| TASK DETAILS |
Give the lines of the material verbatim, from the first line to the line with "(\<exists>V. csubspace V", including both.

| INPUT MATERIAL |

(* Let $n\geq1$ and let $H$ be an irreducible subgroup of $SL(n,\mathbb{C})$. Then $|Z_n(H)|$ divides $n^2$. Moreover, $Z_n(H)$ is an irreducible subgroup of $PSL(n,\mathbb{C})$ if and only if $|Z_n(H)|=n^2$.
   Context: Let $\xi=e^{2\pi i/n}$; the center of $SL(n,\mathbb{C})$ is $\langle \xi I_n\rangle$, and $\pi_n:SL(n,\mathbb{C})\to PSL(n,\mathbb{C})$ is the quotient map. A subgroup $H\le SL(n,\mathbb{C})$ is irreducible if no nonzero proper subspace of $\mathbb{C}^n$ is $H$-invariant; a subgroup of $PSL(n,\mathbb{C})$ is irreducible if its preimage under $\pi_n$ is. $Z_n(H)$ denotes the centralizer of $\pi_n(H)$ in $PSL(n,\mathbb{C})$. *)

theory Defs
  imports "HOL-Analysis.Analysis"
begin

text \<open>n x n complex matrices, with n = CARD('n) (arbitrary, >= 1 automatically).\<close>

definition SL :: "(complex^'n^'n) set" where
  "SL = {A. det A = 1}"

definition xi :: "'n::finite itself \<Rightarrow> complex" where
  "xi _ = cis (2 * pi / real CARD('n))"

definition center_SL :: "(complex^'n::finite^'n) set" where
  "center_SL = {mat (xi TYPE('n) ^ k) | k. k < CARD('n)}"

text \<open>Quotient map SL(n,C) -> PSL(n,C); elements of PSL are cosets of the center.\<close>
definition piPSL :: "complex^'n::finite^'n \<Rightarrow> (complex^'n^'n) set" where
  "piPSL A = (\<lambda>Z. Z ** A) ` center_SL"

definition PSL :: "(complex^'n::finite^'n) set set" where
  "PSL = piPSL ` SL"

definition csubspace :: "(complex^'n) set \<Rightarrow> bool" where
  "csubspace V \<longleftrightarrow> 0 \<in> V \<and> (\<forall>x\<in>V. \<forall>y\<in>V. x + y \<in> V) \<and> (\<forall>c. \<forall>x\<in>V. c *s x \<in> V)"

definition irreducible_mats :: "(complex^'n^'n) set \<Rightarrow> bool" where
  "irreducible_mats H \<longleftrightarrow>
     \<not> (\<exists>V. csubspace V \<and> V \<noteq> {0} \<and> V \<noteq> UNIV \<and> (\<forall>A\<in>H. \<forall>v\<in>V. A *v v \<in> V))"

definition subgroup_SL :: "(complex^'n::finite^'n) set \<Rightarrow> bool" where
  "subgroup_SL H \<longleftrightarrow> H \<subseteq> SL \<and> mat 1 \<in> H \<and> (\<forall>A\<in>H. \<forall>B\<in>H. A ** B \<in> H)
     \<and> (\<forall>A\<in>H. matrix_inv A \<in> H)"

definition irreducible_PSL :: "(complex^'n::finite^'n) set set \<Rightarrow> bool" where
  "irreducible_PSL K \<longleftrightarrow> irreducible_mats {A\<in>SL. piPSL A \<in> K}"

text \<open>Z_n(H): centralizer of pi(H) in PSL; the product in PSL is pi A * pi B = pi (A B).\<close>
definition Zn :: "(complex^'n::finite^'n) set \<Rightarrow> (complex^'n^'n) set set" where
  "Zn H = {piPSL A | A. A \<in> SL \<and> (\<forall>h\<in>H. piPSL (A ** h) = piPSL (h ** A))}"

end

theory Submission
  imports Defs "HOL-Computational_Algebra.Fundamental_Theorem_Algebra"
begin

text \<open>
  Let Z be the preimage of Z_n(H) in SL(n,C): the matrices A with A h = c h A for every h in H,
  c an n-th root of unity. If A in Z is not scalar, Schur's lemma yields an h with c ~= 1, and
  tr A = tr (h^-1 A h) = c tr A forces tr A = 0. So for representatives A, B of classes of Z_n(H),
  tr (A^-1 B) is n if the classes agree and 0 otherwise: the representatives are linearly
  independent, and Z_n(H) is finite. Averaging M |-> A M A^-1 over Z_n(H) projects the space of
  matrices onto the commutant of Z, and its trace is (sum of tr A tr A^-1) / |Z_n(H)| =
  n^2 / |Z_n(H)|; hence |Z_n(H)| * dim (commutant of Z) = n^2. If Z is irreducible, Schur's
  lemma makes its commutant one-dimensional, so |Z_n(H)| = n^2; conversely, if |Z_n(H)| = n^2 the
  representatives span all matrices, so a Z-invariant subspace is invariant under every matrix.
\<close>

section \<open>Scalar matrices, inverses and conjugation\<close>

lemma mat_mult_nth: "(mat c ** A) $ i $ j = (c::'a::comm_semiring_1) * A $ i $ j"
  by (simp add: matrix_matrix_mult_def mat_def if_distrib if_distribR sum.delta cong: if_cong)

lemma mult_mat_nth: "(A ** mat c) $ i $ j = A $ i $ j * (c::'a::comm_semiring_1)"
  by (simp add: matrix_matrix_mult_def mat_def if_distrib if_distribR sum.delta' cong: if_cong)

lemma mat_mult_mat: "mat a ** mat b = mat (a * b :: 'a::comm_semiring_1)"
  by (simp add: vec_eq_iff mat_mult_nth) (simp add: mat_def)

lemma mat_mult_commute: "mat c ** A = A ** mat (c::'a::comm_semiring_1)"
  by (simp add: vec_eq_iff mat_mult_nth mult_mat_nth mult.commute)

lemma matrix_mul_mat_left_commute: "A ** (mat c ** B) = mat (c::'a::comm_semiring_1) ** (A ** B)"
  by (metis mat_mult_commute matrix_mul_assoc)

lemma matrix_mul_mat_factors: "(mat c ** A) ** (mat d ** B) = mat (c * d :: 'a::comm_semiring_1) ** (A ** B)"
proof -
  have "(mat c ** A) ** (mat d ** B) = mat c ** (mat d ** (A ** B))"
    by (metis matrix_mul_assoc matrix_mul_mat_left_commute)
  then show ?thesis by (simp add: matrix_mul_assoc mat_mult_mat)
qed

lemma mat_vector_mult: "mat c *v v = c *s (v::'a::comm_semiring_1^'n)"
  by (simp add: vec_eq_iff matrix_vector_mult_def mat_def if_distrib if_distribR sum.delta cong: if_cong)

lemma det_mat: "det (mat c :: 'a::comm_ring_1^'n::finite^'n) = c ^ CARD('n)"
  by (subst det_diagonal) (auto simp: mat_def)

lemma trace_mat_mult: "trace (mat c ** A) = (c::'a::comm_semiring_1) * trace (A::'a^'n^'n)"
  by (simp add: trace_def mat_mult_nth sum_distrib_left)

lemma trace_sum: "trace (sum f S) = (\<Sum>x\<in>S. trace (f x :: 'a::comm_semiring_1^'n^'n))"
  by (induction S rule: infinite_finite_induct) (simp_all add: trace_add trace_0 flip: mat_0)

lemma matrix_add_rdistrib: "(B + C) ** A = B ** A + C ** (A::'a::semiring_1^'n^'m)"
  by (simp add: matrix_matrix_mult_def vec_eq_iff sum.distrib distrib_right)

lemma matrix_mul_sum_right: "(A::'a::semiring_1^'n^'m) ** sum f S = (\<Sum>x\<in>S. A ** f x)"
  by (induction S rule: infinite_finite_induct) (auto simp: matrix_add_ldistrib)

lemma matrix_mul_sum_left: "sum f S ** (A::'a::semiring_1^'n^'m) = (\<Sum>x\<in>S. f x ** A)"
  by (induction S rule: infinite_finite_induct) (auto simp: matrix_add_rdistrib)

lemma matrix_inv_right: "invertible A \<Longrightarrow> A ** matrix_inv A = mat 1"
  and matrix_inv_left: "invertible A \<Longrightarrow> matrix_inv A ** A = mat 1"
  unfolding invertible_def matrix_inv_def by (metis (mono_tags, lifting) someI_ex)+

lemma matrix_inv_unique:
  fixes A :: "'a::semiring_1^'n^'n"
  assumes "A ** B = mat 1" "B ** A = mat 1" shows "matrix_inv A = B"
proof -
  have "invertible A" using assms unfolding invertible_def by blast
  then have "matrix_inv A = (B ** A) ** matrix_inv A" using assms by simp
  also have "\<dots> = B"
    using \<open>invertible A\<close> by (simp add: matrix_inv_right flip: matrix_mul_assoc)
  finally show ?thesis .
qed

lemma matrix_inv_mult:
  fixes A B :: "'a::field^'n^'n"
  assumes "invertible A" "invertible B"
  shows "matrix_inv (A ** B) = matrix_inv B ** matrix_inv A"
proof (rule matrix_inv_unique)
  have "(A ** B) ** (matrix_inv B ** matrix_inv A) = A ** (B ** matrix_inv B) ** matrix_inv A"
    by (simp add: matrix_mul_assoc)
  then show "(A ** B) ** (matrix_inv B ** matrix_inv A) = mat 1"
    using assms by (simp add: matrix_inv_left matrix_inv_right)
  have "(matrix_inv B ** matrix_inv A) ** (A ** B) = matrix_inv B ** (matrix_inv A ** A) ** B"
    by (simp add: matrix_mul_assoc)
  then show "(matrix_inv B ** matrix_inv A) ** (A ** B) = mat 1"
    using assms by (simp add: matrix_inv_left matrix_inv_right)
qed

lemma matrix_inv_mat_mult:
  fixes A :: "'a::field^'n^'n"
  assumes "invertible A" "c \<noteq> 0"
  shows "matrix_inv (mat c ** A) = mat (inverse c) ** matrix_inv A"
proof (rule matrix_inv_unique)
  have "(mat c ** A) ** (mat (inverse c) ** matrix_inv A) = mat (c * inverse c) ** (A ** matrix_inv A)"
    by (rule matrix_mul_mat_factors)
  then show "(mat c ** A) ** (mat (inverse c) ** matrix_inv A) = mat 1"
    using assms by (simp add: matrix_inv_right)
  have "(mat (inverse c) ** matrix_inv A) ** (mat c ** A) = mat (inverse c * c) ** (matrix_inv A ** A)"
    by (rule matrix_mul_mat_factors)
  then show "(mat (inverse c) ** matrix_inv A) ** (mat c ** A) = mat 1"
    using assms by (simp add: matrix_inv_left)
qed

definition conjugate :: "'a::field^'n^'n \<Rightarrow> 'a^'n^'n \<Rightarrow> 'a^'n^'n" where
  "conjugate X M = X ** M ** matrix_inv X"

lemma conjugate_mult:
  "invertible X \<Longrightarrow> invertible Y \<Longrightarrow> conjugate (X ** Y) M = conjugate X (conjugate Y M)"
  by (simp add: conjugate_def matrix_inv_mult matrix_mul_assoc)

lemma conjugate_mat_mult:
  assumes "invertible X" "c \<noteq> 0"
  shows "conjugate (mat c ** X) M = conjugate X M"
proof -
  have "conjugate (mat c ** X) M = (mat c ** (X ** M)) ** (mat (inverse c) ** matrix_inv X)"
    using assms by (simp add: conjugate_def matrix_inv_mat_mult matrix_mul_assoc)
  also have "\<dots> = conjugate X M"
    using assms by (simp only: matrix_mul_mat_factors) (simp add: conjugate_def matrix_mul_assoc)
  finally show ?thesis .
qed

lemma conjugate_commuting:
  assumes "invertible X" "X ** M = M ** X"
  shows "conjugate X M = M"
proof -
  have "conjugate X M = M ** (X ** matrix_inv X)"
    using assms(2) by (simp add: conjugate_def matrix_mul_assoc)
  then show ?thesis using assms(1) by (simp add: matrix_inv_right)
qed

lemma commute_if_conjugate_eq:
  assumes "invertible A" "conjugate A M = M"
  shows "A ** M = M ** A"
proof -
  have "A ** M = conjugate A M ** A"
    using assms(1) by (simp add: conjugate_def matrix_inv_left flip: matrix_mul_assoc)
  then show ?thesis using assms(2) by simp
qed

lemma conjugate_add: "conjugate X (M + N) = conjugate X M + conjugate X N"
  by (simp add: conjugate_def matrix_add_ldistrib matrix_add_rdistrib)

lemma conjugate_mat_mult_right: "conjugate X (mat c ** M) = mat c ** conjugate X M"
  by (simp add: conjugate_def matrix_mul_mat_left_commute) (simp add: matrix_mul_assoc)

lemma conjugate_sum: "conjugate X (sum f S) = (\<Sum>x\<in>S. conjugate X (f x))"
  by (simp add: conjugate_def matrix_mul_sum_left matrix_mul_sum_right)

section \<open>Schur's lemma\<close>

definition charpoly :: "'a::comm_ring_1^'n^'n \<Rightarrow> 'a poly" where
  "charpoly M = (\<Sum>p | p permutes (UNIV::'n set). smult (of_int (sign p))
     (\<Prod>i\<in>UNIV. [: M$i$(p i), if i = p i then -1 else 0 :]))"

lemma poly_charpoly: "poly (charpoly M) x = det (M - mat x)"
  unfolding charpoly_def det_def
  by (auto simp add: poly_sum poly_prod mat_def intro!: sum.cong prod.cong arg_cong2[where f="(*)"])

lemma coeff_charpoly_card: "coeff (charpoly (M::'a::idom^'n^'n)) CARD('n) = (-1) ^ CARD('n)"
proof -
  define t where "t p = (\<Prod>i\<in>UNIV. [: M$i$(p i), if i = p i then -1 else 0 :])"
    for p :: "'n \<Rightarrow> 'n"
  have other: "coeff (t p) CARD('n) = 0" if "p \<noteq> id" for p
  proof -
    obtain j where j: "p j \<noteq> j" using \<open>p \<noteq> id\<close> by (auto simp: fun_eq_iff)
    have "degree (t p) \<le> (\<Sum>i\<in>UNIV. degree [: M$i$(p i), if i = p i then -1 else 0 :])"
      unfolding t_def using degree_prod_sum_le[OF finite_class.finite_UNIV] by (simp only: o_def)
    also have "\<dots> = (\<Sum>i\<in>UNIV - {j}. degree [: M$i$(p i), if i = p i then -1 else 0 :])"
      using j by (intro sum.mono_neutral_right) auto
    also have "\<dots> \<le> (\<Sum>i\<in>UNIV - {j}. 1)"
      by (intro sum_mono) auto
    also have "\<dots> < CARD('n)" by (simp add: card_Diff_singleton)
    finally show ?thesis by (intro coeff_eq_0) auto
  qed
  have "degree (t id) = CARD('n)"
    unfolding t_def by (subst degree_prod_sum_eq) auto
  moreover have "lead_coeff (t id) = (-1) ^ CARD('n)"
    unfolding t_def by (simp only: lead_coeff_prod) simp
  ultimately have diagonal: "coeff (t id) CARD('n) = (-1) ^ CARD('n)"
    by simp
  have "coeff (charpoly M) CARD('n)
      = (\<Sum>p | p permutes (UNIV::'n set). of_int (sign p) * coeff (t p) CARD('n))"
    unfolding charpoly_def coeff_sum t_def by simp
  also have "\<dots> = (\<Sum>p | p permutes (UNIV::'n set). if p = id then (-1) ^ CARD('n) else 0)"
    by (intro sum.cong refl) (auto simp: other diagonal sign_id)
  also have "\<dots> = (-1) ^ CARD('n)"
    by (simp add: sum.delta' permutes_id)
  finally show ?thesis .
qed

| SOLVED EXERCISE |
(* Let $n\geq1$ and let $H$ be an irreducible subgroup of $SL(n,\mathbb{C})$. Then $|Z_n(H)|$ divides $n^2$. Moreover, $Z_n(H)$ is an irreducible subgroup of $PSL(n,\mathbb{C})$ if and only if $|Z_n(H)|=n^2$.
   Context: Let $\xi=e^{2\pi i/n}$; the center of $SL(n,\mathbb{C})$ is $\langle \xi I_n\rangle$, and $\pi_n:SL(n,\mathbb{C})\to PSL(n,\mathbb{C})$ is the quotient map. A subgroup $H\le SL(n,\mathbb{C})$ is irreducible if no nonzero proper subspace of $\mathbb{C}^n$ is $H$-invariant; a subgroup of $PSL(n,\mathbb{C})$ is irreducible if its preimage under $\pi_n$ is. $Z_n(H)$ denotes the centralizer of $\pi_n(H)$ in $PSL(n,\mathbb{C})$. *)

theory Defs
  imports "HOL-Analysis.Analysis"
begin

text \<open>n x n complex matrices, with n = CARD('n) (arbitrary, >= 1 automatically).\<close>

definition SL :: "(complex^'n^'n) set" where
  "SL = {A. det A = 1}"

definition xi :: "'n::finite itself \<Rightarrow> complex" where
  "xi _ = cis (2 * pi / real CARD('n))"

definition center_SL :: "(complex^'n::finite^'n) set" where
  "center_SL = {mat (xi TYPE('n) ^ k) | k. k < CARD('n)}"

text \<open>Quotient map SL(n,C) -> PSL(n,C); elements of PSL are cosets of the center.\<close>
definition piPSL :: "complex^'n::finite^'n \<Rightarrow> (complex^'n^'n) set" where
  "piPSL A = (\<lambda>Z. Z ** A) ` center_SL"

definition PSL :: "(complex^'n::finite^'n) set set" where
  "PSL = piPSL ` SL"

definition csubspace :: "(complex^'n) set \<Rightarrow> bool" where
  "csubspace V \<longleftrightarrow> 0 \<in> V \<and> (\<forall>x\<in>V. \<forall>y\<in>V. x + y \<in> V) \<and> (\<forall>c. \<forall>x\<in>V. c *s x \<in> V)"

definition irreducible_mats :: "(complex^'n^'n) set \<Rightarrow> bool" where
  "irreducible_mats H \<longleftrightarrow>
     \<not> (\<exists>V. csubspace V \<and> V \<noteq> {0} \<and> V \<noteq> UNIV \<and> (\<forall>A\<in>H. \<forall>v\<in>V. A *v v \<in> V))"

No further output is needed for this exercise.